• THE TASK: Leave out every line that comes before the one containing "q P \<sigma>", and reproduce the rest of the listing below exactly, through its last line.

• SUPPLIED INFORMATION:
(* Let $d\ge1$, $\mathcal D$ a dyadic grid in $\mathbb R^d$, $\mathcal Q\subset\mathcal D$, $\tau=\{\tau_Q\}_{Q\in\mathcal Q}$ nonnegative constants, $\sigma,w$ weights, $1<q<\infty$, and $f\ge0$ bounded with compact support. Let $\Omega_k=\{\overline T(f\sigma)>2^k\}$, let $\mathcal Q_k$ be Whitney collections for $\Omega_k$ as in the context, and for $Q\in\mathcal Q_k$ let $E_k(Q)=Q\cap(\Omega_{k+2}\setminus\Omega_{k+3})$. Then for all $k$, all $Q\in\mathcal Q_k$ and all $x\in E_k(Q)$, $$2^k\le \overline T^{\rm in}_{Q^{(1)}}(\mathbf 1_{Q^{(1)}}f\sigma)(x).$$
   Context: $\mathbb E_R(g)=|R|^{-1}\int_R g$. $\overline T(g\sigma)(x)=\big(\sum_{R\in\mathcal Q}|\tau_R\mathbb E_R(g\sigma)\mathbf 1_R(x)|^q\big)^{1/q}$, and for a dyadic cube $P$, $\overline T^{\rm in}_P(g\sigma)(x)=\big(\sum_{R\in\mathcal Q,\ R\subseteq P}|\tau_R\mathbb E_R(g\sigma)\mathbf 1_R(x)|^q\big)^{1/q}$. $Q^{(1)}$ is the dyadic parent of $Q$, $Q^{(j+1)}=(Q^{(j)})^{(1)}$. Whitney collections: for each $k$, $\mathcal Q_k$ is a collection of pairwise disjoint dyadic cubes with $\Omega_k=\bigcup_{Q\in\mathcal Q_k}Q$; $Q^{(1)}\subset\Omega_k$ and $Q^{(2)}\cap\Omega_k^c\neq\emptyset$ for $Q\in\mathcal Q_k$; $\sum_{Q\in\mathcal Q_k}\mathbf 1_{Q^{(1)}}\lesssim\mathbf 1_{\Omega_k}$; $\sup_{Q\in\mathcal Q_k}\#\{Q'\in\mathcal Q_k:Q'\cap Q^{(1)}\ne\emptyset\}\lesssim1$; and $Q\in\mathcal Q_k$, $Q'\in\mathcal Q_l$, $Q\subsetneq Q'$ implies $k>l$. *)

theory Defs
  imports "HOL-Analysis.Analysis"
begin

type_synonym 'n pt = "real^'n"

definition hcube :: "'n::finite pt \<Rightarrow> real \<Rightarrow> 'n pt set" where
  "hcube a s = {x. \<forall>i. a $ i \<le> x $ i \<and> x $ i < a $ i + s}"

definition dyadic_grid :: "(int \<Rightarrow> 'n::finite pt set set) \<Rightarrow> bool" where
  "dyadic_grid D \<longleftrightarrow>
     (\<forall>k. (\<forall>Q\<in>D k. \<exists>a. Q = hcube a (2 powr (- real_of_int k)))
        \<and> (\<forall>x. \<exists>!Q. Q \<in> D k \<and> x \<in> Q))
   \<and> (\<forall>j k Q P. j \<le> k \<longrightarrow> Q \<in> D k \<longrightarrow> P \<in> D j \<longrightarrow> Q \<subseteq> P \<or> Q \<inter> P = {})"

definition grid_cubes :: "(int \<Rightarrow> 'n::finite pt set set) \<Rightarrow> 'n pt set set" where
  "grid_cubes D = (\<Union>k. D k)"

definition parent :: "(int \<Rightarrow> 'n::finite pt set set) \<Rightarrow> 'n pt set \<Rightarrow> 'n pt set" where
  "parent D Q = (THE P. \<exists>k. Q \<in> D k \<and> P \<in> D (k - 1) \<and> Q \<subseteq> P)"

definition weight :: "('n::finite pt \<Rightarrow> real) \<Rightarrow> bool" where
  "weight \<sigma> \<longleftrightarrow> \<sigma> \<in> borel_measurable lborel \<and> (\<forall>x. 0 \<le> \<sigma> x)
     \<and> (\<forall>K. compact K \<longrightarrow> set_integrable lborel K \<sigma>)
     \<and> (AE x in lborel. 0 < \<sigma> x)"

definition avg :: "('n::finite pt \<Rightarrow> real) \<Rightarrow> ('n pt \<Rightarrow> real) \<Rightarrow> 'n pt set \<Rightarrow> real" where
  "avg \<sigma> g R = (LINT x:R|lborel. g x * \<sigma> x) / measure lborel R"

text \<open>The q-th power of the operator, over the cube family C: the (possibly infinite)
  sum of nonnegative terms, i.e. the supremum of finite partial sums.\<close>
definition Tq :: "'n::finite pt set set \<Rightarrow> ('n pt set \<Rightarrow> real) \<Rightarrow> real \<Rightarrow> ('n pt \<Rightarrow> real)
     \<Rightarrow> ('n pt \<Rightarrow> real) \<Rightarrow> 'n pt \<Rightarrow> ennreal" where
  "Tq C \<tau> q \<sigma> g x = (SUP F\<in>{F. finite F \<and> F \<subseteq> C}.
      \<Sum>R\<in>F. ennreal (\<bar>\<tau> R * avg \<sigma> g R * indicator R x\<bar> powr q))"

definition ennroot :: "real \<Rightarrow> ennreal \<Rightarrow> ennreal" where
  "ennroot q t = (if t = top then top else ennreal (enn2real t powr (1 / q)))"

definition Tbar :: "'n::finite pt set set \<Rightarrow> ('n pt set \<Rightarrow> real) \<Rightarrow> real \<Rightarrow> ('n pt \<Rightarrow> real)
     \<Rightarrow> ('n pt \<Rightarrow> real) \<Rightarrow> 'n pt \<Rightarrow> ennreal" where
  "Tbar C \<tau> q \<sigma> g x = ennroot q (Tq C \<tau> q \<sigma> g x)"

definition Tin :: "'n::finite pt set set \<Rightarrow> ('n pt set \<Rightarrow> real) \<Rightarrow> real \<Rightarrow> 'n pt set
     \<Rightarrow> ('n pt \<Rightarrow> real) \<Rightarrow> ('n pt \<Rightarrow> real) \<Rightarrow> 'n pt \<Rightarrow> ennreal" where
  "Tin C \<tau> q P \<sigma> g x = Tbar {R\<in>C. R \<subseteq> P} \<tau> q \<sigma> g x"

definition Omega :: "'n::finite pt set set \<Rightarrow> ('n pt set \<Rightarrow> real) \<Rightarrow> real \<Rightarrow> ('n pt \<Rightarrow> real)
     \<Rightarrow> ('n pt \<Rightarrow> real) \<Rightarrow> int \<Rightarrow> 'n pt set" where
  "Omega C \<tau> q \<sigma> f k = {x. ennreal (2 powr real_of_int k) < Tbar C \<tau> q \<sigma> f x}"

• SOLUTION TO THE PROBLEM:
  "Tin C \<tau> q P \<sigma> g x = Tbar {R\<in>C. R \<subseteq> P} \<tau> q \<sigma> g x"

definition Omega :: "'n::finite pt set set \<Rightarrow> ('n pt set \<Rightarrow> real) \<Rightarrow> real \<Rightarrow> ('n pt \<Rightarrow> real)
     \<Rightarrow> ('n pt \<Rightarrow> real) \<Rightarrow> int \<Rightarrow> 'n pt set" where
  "Omega C \<tau> q \<sigma> f k = {x. ennreal (2 powr real_of_int k) < Tbar C \<tau> q \<sigma> f x}"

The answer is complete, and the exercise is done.